06-27, 12:15–13:15 (Europe/Vienna), Mittlerer Saal (Track 1)
Using Beacon Object Files (BOFs) to execute external post-exploitation capabilities from a C2 agent has been a staple technique in offensive security for years now. The self-contained programs are great for one-off tasks, such as gaining situational awareness, elevating privileges or dumping credentials. Recently, BOFs have received a powerful upgrade that allows for them to be executed in the background, enabling long-running real-time monitoring functionality. This talk shows how the Conquest framework supports Async BOFs and how they can benefit modern red teaming.
In last year's talk, I introduced Conquest, a command and control framework written in Nim. Since then, the project has been under heavy development and has seen countless new features, fixes and improvements. One of the most substantial changes was the addition of a Python module system, which allows red teamers and penetration testers to turn their favourite BOFs into Conquest commands. This drastically decreases the amount of functionality that has to be included in the base agent, because post-exploitation capabilities can simply be executed as external BOFs.
However, regular BOF loading is boring. There are countless open-source implementations and it's a feature in almost all C2 frameworks on the market. On the other hand, the number of frameworks that support asynchronous BOFs can almost be counted on one hand. In fact, Conquest is one of the only C2s that features stable async object file execution, even when the agent memory is obfuscated or encrypted, something that until now has been exclusive to commercial tooling.

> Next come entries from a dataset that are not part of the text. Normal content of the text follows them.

lemma poly_decomposition:
  assumes "l \<noteq> \<alpha>" "l \<noteq> \<alpha> * N"
  shows "(N - 1) * (l - \<alpha> * k) - (1 - \<alpha>)\<^sup>2 * ((k * N - s) / (l - \<alpha>) + N * (s - k) / (l - \<alpha> * N))
    = poly l * ((N - k) * (l - \<alpha>) + (k - 1) * (l - \<alpha> * N)) / ((l - \<alpha>) * (l - \<alpha> * N))
      + (1 - \<alpha>)\<^sup>2 * (N - s) * (N / (l - \<alpha> * N) - 1 / (l - \<alpha>))"
proof -
  define a b where "a = l - \<alpha>" and "b = l - \<alpha> * N"
  have ab: "a \<noteq> 0" "b \<noteq> 0" using assms unfolding a_def b_def by auto
  have "(N - 1) * (l - \<alpha> * k) - (1 - \<alpha>)\<^sup>2 * ((k * N - s) / a + N * (s - k) / b)
      = ((N - 1) * (l - \<alpha> * k) * (a * b) - (1 - \<alpha>)\<^sup>2 * ((k * N - s) * b + N * (s - k) * a)) / (a * b)"
    using ab by (simp add: field_simps)
  also have "\<dots> = (poly l * ((N - k) * a + (k - 1) * b) + (1 - \<alpha>)\<^sup>2 * (N - s) * (N * a - b)) / (a * b)"
    unfolding poly_def a_def b_def by (simp add: algebra_simps power2_eq_square)
  also have "\<dots> = poly l * ((N - k) * a + (k - 1) * b) / (a * b) + (1 - \<alpha>)\<^sup>2 * (N - s) * (N / b - 1 / a)"
    using ab by (simp add: field_simps)
  finally show ?thesis unfolding a_def b_def .
qed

This talk goes beyond proof-of-concepts by also featuring novel use-cases for async BOFs that benefit real engagements.
- TGT Monitoring
- KeePass Abuse
- Clipboard Monitoring
- ...
Jakob is a penetration tester and security professional from Austria. He is particularly passionate about offensive security, including network penetration testing and Windows malware development. By day he works in an internal penetration testing team, conducting and leading engagements, while at night he works on Conquest, a malleable and modular C2 framework written in Nim, or practices lock-picking.